Hinchman C A, Matsumoto H, Simmons T W, Ballatori N
Department of Biophysics, University of Rochester School of Medicine, New York 14642.
J Biol Chem. 1991 Nov 25;266(33):22179-85.
Because of the low hepatic activity of gamma-glutamyl-transferase in the rat, the liver is generally considered to play only a minor role in the degradation of glutathione conjugates, a limiting step in mercapturic acid formation. Recent findings indicate, however, that the liver has a prominent role in glutathione catabolism, particularly in species other than rat. To examine the contributions of liver to mercapturic acid biosynthesis, mercapturate formation was compared in isolated perfused livers from rats and guinea pigs dosed with either 0.3 or 3.0 mumol of 1-chloro-2,4-dinitrobenzene (CDNB). Chemically synthesized glutathione conjugate, mercapturic acid, and intermediary metabolites of CDNB were used as standards in the high performance liquid chromatography analysis of bile and perfusate samples. Biliary excretion accounted for almost all of the recovered metabolites. A marked species difference was observed in the pattern of CDNB metabolism. Rat livers dosed with 0.3 mumol of CDNB excreted 55% of total biliary metabolites as the glutathione conjugate and 8.2% as the mercapturic acid, whereas guinea pig livers excreted only 4.8% as the glutathione conjugate and 47% as the mercapturate. Mercapturic formation was also dose-dependent, with a larger fraction formed at the 0.3- versus the 3.0-mumol dose (8.2 versus 3.7% in the rat; 47 versus 19% in the guinea pig). Hepatic conversion of the glutathione conjugate to the mercapturic acid was markedly inhibited in both species after retrograde intrabiliary infusion of acivicin, an inhibitor of gamma-glutamyltransferase activity. These findings provide direct evidence for intrahepatic biosynthesis of mercapturic acids. Thus, glutathione conjugates synthesized within hepatocytes are secreted into bile and broken down to cysteine conjugates; the latter are then presumably reabsorbed by the liver, N-acetylated to form the mercapturic acid and re-excreted into bile.
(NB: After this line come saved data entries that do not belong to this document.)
lemma real_gaussian_exp_square_le:
  assumes "prob_space P" and "real_gaussian P X"
    and "integral\<^sup>L P X = 0" and "integral\<^sup>L P (\<lambda>\<omega>. (X \<omega>)\<^sup>2) \<le> v" and "0 < v"
  shows "(\<integral>\<^sup>+\<omega>. ennreal (exp ((X \<omega>)\<^sup>2 / (4 * v))) \<partial>P) \<le> ennreal (sqrt 2)"
proof -
  interpret prob_space P by fact
  have [measurable]: "X \<in> borel_measurable P"
    using assms(2) by (rule real_gaussian_measurable)
  from assms(2) show ?thesis
  proof (cases rule: real_gaussian_cases)
    case (degenerate \<mu>)
    have "integral\<^sup>L P X = \<mu>"
      using integral_cong_AE[of X P "\<lambda>_. \<mu>"] degenerate by (simp add: prob_space)
    then have "AE \<omega> in P. X \<omega> = 0" using degenerate assms(3) by simp
    then have "(\<integral>\<^sup>+\<omega>. ennreal (exp ((X \<omega>)\<^sup>2 / (4 * v))) \<partial>P) = (\<integral>\<^sup>+\<omega>. 1 \<partial>P)"
      by (intro nn_integral_cong_AE) auto
    then show ?thesis by (simp add: emeasure_space_1)
  next
    case (normal \<mu> \<sigma>)
    have "\<mu> = 0"
      using normal_distributed_expectation[OF normal] assms(3) by simp
    have "\<sigma>\<^sup>2 \<le> v"
      using normal_distributed_variance[OF normal] assms(3,4) by simp
    then obtain \<tau> where \<tau>: "0 < \<tau>" "\<tau> / \<sigma> \<le> sqrt 2"
      and tilt: "\<And>x. normal_density 0 \<sigma> x * exp (x\<^sup>2 / (4 * v)) = \<tau> / \<sigma> * normal_density 0 \<tau> x"
      using normal_density_mult_exp_square[OF normal(1)] by blast
    have "(\<integral>\<^sup>+\<omega>. ennreal (exp ((X \<omega>)\<^sup>2 / (4 * v))) \<partial>P)
        = (\<integral>\<^sup>+x. ennreal (normal_density \<mu> \<sigma> x) * ennreal (exp (x\<^sup>2 / (4 * v))) \<partial>lborel)"
      by (rule distributed_nn_integral[OF normal(2), symmetric]) simp
    also have "\<dots> = (\<integral>\<^sup>+x. ennreal (\<tau> / \<sigma>) * ennreal (normal_density 0 \<tau> x) \<partial>lborel)"
      using normal(1) \<tau> by (intro nn_integral_cong) (simp add: \<open>\<mu> = 0\<close> ennreal_mult'[symmetric] tilt)
    also have "\<dots> = ennreal (\<tau> / \<sigma>)"
      using \<tau>(1) by (simp add: nn_integral_cmult nn_integral_eq_integral)
    finally show ?thesis using \<tau>(2) by (simp add: ennreal_leI)
  qed
qed

lemma exp_add_le_mean_exp_double:
  fixes a b :: real
  shows "exp (a + b) \<le> (exp (2 * a) + exp (2 * b)) / 2"
proof -
  have "2 * (exp a * exp b) \<le> (exp a)\<^sup>2 + (exp b)\<^sup>2"
    using sum_squares_bound[of "exp a" "exp b"] by (simp add: power2_eq_square)
  moreover have "(exp a)\<^sup>2 = exp (2 * a)" "(exp b)\<^sup>2 = exp (2 * b)"
    by (simp_all add: power2_eq_square exp_add[symmetric])
  ultimately show ?thesis by (simp add: exp_add)
qed

lemma complex_gaussian_exp_square_le:
  fixes Z :: "'a \<Rightarrow> complex"
  assumes P: "prob_space P"
    and Re: "real_gaussian P (\<lambda>\<omega>. Re (Z \<omega>))" "integral\<^sup>L P (\<lambda>\<omega>. Re (Z \<omega>)) = 0"
    and Im: "real_gaussian P (\<lambda>\<omega>. Im (Z \<omega>))" "integral\<^sup>L P (\<lambda>\<omega>. Im (Z \<omega>)) = 0"
    and var: "integral\<^sup>L P (\<lambda>\<omega>. (cmod (Z \<omega>))\<^sup>2) \<le> v" and v: "0 < v"
  shows "(\<integral>\<^sup>+\<omega>. ennreal (exp ((cmod (Z \<omega>))\<^sup>2 / (8 * v))) \<partial>P) \<le> ennreal (sqrt 2)"
proof -
  have [measurable]: "(\<lambda>\<omega>. Re (Z \<omega>)) \<in> borel_measurable P" "(\<lambda>\<omega>. Im (Z \<omega>)) \<in> borel_measurable P"
    using Re(1) Im(1) by (simp_all add: real_gaussian_measurable)
  note iRe = real_gaussian_integrable[OF P Re(1)] and iIm = real_gaussian_integrable[OF P Im(1)]
  have cmod2: "(cmod (Z \<omega>))\<^sup>2 = (Re (Z \<omega>))\<^sup>2 + (Im (Z \<omega>))\<^sup>2" for \<omega>
    by (simp add: cmod_power2)
  have "integral\<^sup>L P (\<lambda>\<omega>. (Re (Z \<omega>))\<^sup>2) \<le> v" "integral\<^sup>L P (\<lambda>\<omega>. (Im (Z \<omega>))\<^sup>2) \<le> v"
    using iRe iIm by (auto intro!: order.trans[OF integral_mono var] simp: cmod2)
  note bRe = real_gaussian_exp_square_le[OF P Re this(1) v]
    and bIm = real_gaussian_exp_square_le[OF P Im this(2) v]
  have "exp ((cmod (Z \<omega>))\<^sup>2 / (8 * v)) \<le>
      1/2 * exp ((Re (Z \<omega>))\<^sup>2 / (4 * v)) + 1/2 * exp ((Im (Z \<omega>))\<^sup>2 / (4 * v))" for \<omega>
    using exp_add_le_mean_exp_double[of "(Re (Z \<omega>))\<^sup>2 / (8 * v)" "(Im (Z \<omega>))\<^sup>2 / (8 * v)"]
    by (simp add: cmod2 add_divide_distrib)
  then have "ennreal (exp ((cmod (Z \<omega>))\<^sup>2 / (8 * v))) \<le>
      ennreal (1/2) * ennreal (exp ((Re (Z \<omega>))\<^sup>2 / (4 * v)))
      + ennreal (1/2) * ennreal (exp ((Im (Z \<omega>))\<^sup>2 / (4 * v)))" for \<omega>
    by (simp only: ennreal_mult[symmetric] ennreal_plus[symmetric] divide_nonneg_nonneg
        mult_nonneg_nonneg exp_ge_zero zero_le_one zero_le_numeral ennreal_leI)
  then have "(\<integral>\<^sup>+\<omega>. ennreal (exp ((cmod (Z \<omega>))\<^sup>2 / (8 * v))) \<partial>P) \<le>
      (\<integral>\<^sup>+\<omega>. ennreal (1/2) * ennreal (exp ((Re (Z \<omega>))\<^sup>2 / (4 * v)))
              + ennreal (1/2) * ennreal (exp ((Im (Z \<omega>))\<^sup>2 / (4 * v))) \<partial>P)"
    by (intro nn_integral_mono)
  also have "\<dots> = ennreal (1/2) * (\<integral>\<^sup>+\<omega>. ennreal (exp ((Re (Z \<omega>))\<^sup>2 / (4 * v))) \<partial>P)
      + ennreal (1/2) * (\<integral>\<^sup>+\<omega>. ennreal (exp ((Im (Z \<omega>))\<^sup>2 / (4 * v))) \<partial>P)"
    by (simp add: nn_integral_add nn_integral_cmult)
  also have "\<dots> \<le> ennreal (1/2) * ennreal (sqrt 2) + ennreal (1/2) * ennreal (sqrt 2)"
    by (intro add_mono mult_left_mono bRe bIm) auto
  also have "\<dots> = ennreal (sqrt 2)"
    using ennreal_plus[of "1/2 * sqrt 2" "1/2 * sqrt 2"] ennreal_mult[of "1/2" "sqrt 2"] by simp
  finally show ?thesis .
qed

section \<open>Circularly symmetric Gaussian series\<close>

lemma borel_measurable_cnj[measurable]:
  fixes f :: "'a \<Rightarrow> complex"
  shows "f \<in> borel_measurable M \<Longrightarrow> (\<lambda>x. cnj (f x)) \<in> borel_measurable M"
  by (rule borel_measurable_continuous_on) (intro continuous_intros)

lemma zm_ccs_gaussian_series_measurable[measurable_dest]:
  "zm_ccs_gaussian_series P x \<Longrightarrow> x t \<in> borel_measurable P"
  by (simp add: zm_ccs_gaussian_series_def)

lemma zm_ccs_gaussian_series_Re_sum:
  "zm_ccs_gaussian_series P x \<Longrightarrow> finite F \<Longrightarrow> real_gaussian P (\<lambda>\<omega>. Re (\<Sum>n\<in>F. c n * x n \<omega>))"
  unfolding zm_ccs_gaussian_series_def by blast

lemma zm_ccs_gaussian_series_integrable:
  assumes P: "prob_space P" and x: "zm_ccs_gaussian_series P x"
  shows "integrable P (x t)" and "integrable P (\<lambda>\<omega>. (cmod (x t \<omega>))\<^sup>2)"
proof -
  note Re = real_gaussian_integrable[OF P zm_ccs_gaussian_series_Re_sum[OF x, of "{t}" "\<lambda>_. 1"]]
  note Im = real_gaussian_integrable[OF P zm_ccs_gaussian_series_Re_sum[OF x, of "{t}" "\<lambda>_. - \<i>"]]
  have "integrable P (\<lambda>\<omega>. complex_of_real (Re (x t \<omega>)) + \<i> * complex_of_real (Im (x t \<omega>)))"
    using Re Im by auto
  then show "integrable P (x t)" by (simp add: complex_eq[symmetric])
  have "integrable P (\<lambda>\<omega>. (Re (x t \<omega>))\<^sup>2 + (Im (x t \<omega>))\<^sup>2)"
    using Re Im by simp
  then show "integrable P (\<lambda>\<omega>. (cmod (x t \<omega>))\<^sup>2)" by (simp add: cmod_power2)
qed

lemma zm_ccs_gaussian_series_integrable_mult_cnj:
  assumes P: "prob_space P" and x: "zm_ccs_gaussian_series P x"
  shows "integrable P (\<lambda>\<omega>. x t \<omega> * cnj (x t' \<omega>))"
proof (rule Bochner_Integration.integrable_bound)
  show "integrable P (\<lambda>\<omega>. (cmod (x t \<omega>))\<^sup>2 + (cmod (x t' \<omega>))\<^sup>2)"
    using zm_ccs_gaussian_series_integrable[OF P x] by simp
  show "(\<lambda>\<omega>. x t \<omega> * cnj (x t' \<omega>)) \<in> borel_measurable P"
    using x by measurable
  have "cmod (x t \<omega>) * cmod (x t' \<omega>) \<le> (cmod (x t \<omega>))\<^sup>2 + (cmod (x t' \<omega>))\<^sup>2" for \<omega>
    using sum_squares_bound[of "cmod (x t \<omega>)" "cmod (x t' \<omega>)"]
      mult_nonneg_nonneg[OF norm_ge_zero norm_ge_zero, of "x t \<omega>" "x t' \<omega>"] by linarith
  then show "AE \<omega> in P. norm (x t \<omega> * cnj (x t' \<omega>)) \<le> norm ((cmod (x t \<omega>))\<^sup>2 + (cmod (x t' \<omega>))\<^sup>2)"
    by (simp add: norm_mult)
qed

lemma sum_norm_diff_le:
  fixes \<rho> :: "int \<Rightarrow> 'b::real_normed_vector"
  assumes "finite T" and "\<And>F. finite F \<Longrightarrow> (\<Sum>d\<in>F. norm (\<rho> d)) \<le> R"
  shows "(\<Sum>t'\<in>T. norm (\<rho> (t - t'))) \<le> R"
proof -
  have "inj_on (\<lambda>t'. t - t') T" by (auto simp: inj_on_def)
  then have "(\<Sum>t'\<in>T. norm (\<rho> (t - t'))) = (\<Sum>d\<in>(\<lambda>t'. t - t') ` T. norm (\<rho> d))"
    by (simp add: sum.reindex)
  also have "\<dots> \<le> R" using assms by simp
  finally show ?thesis .
qed

lemma zm_ccs_gaussian_series_sum_second_moment_le:
  assumes P: "prob_space P" and x: "zm_ccs_gaussian_series P x"
    and ac: "\<And>n k. integral\<^sup>L P (\<lambda>\<omega>. x (n + k) \<omega> * cnj (x n \<omega>)) = \<rho> k"
    and T: "finite T" and c: "\<And>t. cmod (c t) \<le> 1"
    and R: "\<And>F. finite F \<Longrightarrow> (\<Sum>d\<in>F. cmod (\<rho> d)) \<le> R"
  shows "integral\<^sup>L P (\<lambda>\<omega>. (cmod (\<Sum>t\<in>T. c t * x t \<omega>))\<^sup>2) \<le> real (card T) * R"
proof -
  define G where "G \<omega> = (\<Sum>t\<in>T. \<Sum>t'\<in>T. (c t * cnj (c t')) * (x t \<omega> * cnj (x t' \<omega>)))" for \<omega>
  have sq: "(cmod (\<Sum>t\<in>T. c t * x t \<omega>))\<^sup>2 = Re (G \<omega>)" for \<omega>
  proof -
    have "complex_of_real ((cmod (\<Sum>t\<in>T. c t * x t \<omega>))\<^sup>2) = G \<omega>"
      unfolding complex_norm_square G_def cnj_sum sum_product
      by (intro sum.cong refl) (simp add: algebra_simps)
    then show ?thesis by (metis Re_complex_of_real)
  qed
  have cross_integrable: "integrable P (\<lambda>\<omega>. x t \<omega> * cnj (x t' \<omega>))" for t t'
    by (rule zm_ccs_gaussian_series_integrable_mult_cnj[OF P x])
  then have "integrable P G" unfolding G_def by auto
  moreover have "integral\<^sup>L P G = (\<Sum>t\<in>T. \<Sum>t'\<in>T. (c t * cnj (c t')) * \<rho> (t - t'))"
    unfolding G_def using cross_integrable ac[of t' "t - t'" for t t']
    by (simp add: integral_sum integral_mult_right_zero)
  ultimately have "integral\<^sup>L P (\<lambda>\<omega>. (cmod (\<Sum>t\<in>T. c t * x t \<omega>))\<^sup>2)
      = Re (\<Sum>t\<in>T. \<Sum>t'\<in>T. (c t * cnj (c t')) * \<rho> (t - t'))"
    unfolding sq by simp
  also have "\<dots> \<le> (\<Sum>t\<in>T. \<Sum>t'\<in>T. cmod ((c t * cnj (c t')) * \<rho> (t - t')))"
    by (rule order.trans[OF complex_Re_le_cmod order.trans[OF norm_sum sum_mono[OF norm_sum]]])
  also have "\<dots> \<le> (\<Sum>t\<in>T. \<Sum>t'\<in>T. cmod (\<rho> (t - t')))"
    using c by (intro sum_mono) (simp add: norm_mult mult_le_one mult_left_le_one_le)
  also have "\<dots> \<le> (\<Sum>t\<in>T. R)"
    by (intro sum_mono sum_norm_diff_le[OF T R])
  finally show ?thesis by simp
qed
由于大鼠肝脏中γ-谷氨酰转移酶的活性较低,肝脏通常被认为在谷胱甘肽结合物的降解中仅起次要作用,而谷胱甘肽结合物的降解是巯基尿酸形成的限速步骤。然而,最近的研究结果表明,肝脏在谷胱甘肽分解代谢中起重要作用,尤其是在大鼠以外的物种中。为了研究肝脏对巯基尿酸生物合成的贡献,比较了分别给予0.3或3.0 μmol 1-氯-2,4-二硝基苯(CDNB)的大鼠和豚鼠离体灌注肝脏中巯基尿酸的形成情况。化学合成的谷胱甘肽结合物、巯基尿酸和CDNB的中间代谢产物被用作胆汁和灌注液样品高效液相色谱分析的标准品。胆汁排泄几乎占所有回收代谢产物的全部。在CDNB代谢模式中观察到明显的物种差异。给予0.3 μmol CDNB的大鼠肝脏将55%的总胆汁代谢产物以谷胱甘肽结合物的形式排泄,8.2%以巯基尿酸的形式排泄,而豚鼠肝脏仅以4.8%的谷胱甘肽结合物和47%的巯基尿酸形式排泄。巯基尿酸的形成也呈剂量依赖性,在0.3 μmol剂量下形成的比例高于3.0 μmol剂量(大鼠中分别为8.2%和3.7%;豚鼠中分别为47%和19%)。在逆行胆管内注入γ-谷氨酰转移酶活性抑制剂阿西维辛后,两种物种中谷胱甘肽结合物向巯基尿酸的肝脏转化均受到显著抑制。这些发现为巯基尿酸的肝内生物合成提供了直接证据。因此,肝细胞内合成的谷胱甘肽结合物分泌到胆汁中并分解为半胱氨酸结合物;后者可能随后被肝脏重新吸收,N-乙酰化形成巯基尿酸并重新排泄到胆汁中。